-- Data shown follows --

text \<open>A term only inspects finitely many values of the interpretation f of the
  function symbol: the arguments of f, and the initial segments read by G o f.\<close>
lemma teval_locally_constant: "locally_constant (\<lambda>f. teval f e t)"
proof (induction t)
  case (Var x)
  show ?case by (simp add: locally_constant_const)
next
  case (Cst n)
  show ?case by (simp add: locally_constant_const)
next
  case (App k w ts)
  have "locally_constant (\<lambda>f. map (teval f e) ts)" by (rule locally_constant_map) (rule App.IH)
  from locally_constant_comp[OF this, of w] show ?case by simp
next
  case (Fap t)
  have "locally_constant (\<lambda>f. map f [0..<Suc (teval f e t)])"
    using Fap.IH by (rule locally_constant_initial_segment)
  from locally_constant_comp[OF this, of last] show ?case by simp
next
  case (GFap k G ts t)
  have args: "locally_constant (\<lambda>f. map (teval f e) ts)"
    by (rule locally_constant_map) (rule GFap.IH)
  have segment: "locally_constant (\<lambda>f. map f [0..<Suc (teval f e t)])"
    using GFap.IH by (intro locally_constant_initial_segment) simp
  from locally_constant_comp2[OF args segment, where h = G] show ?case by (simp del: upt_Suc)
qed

-- Data shown concluded --
-- Data shown follows --

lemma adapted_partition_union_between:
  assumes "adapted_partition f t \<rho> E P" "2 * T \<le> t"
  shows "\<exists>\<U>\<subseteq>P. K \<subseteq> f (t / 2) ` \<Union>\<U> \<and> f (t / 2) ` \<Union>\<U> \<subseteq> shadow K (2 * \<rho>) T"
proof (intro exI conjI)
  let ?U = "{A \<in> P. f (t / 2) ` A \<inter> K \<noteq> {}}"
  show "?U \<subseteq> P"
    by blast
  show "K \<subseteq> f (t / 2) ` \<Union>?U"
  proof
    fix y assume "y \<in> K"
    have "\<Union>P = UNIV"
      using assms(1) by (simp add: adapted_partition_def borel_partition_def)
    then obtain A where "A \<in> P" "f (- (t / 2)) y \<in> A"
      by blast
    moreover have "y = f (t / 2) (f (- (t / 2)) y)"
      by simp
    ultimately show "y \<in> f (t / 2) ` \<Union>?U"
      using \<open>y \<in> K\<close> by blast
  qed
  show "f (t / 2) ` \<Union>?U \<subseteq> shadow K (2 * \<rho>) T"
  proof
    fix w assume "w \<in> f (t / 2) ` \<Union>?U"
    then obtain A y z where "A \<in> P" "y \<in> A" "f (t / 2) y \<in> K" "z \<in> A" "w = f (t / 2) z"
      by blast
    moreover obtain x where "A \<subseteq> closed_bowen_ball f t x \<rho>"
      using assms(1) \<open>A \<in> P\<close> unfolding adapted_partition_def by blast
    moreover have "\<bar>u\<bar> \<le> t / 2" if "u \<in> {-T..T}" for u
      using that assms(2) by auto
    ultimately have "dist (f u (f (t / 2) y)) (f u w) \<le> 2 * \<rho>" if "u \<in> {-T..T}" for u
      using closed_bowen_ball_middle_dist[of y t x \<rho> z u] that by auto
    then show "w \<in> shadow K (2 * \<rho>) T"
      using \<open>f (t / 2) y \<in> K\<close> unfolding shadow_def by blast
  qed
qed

-- Data shown concluded --

#### Action item:
Check each line of the records above for "lambda", and copy those that have it.

#### Task output:
lemma teval_locally_constant: "locally_constant (\<lambda>f. teval f e t)"
  have "locally_constant (\<lambda>f. map (teval f e) ts)" by (rule locally_constant_map) (rule App.IH)
  have "locally_constant (\<lambda>f. map f [0..<Suc (teval f e t)])"
  have args: "locally_constant (\<lambda>f. map (teval f e) ts)"
  have segment: "locally_constant (\<lambda>f. map f [0..<Suc (teval f e t)])"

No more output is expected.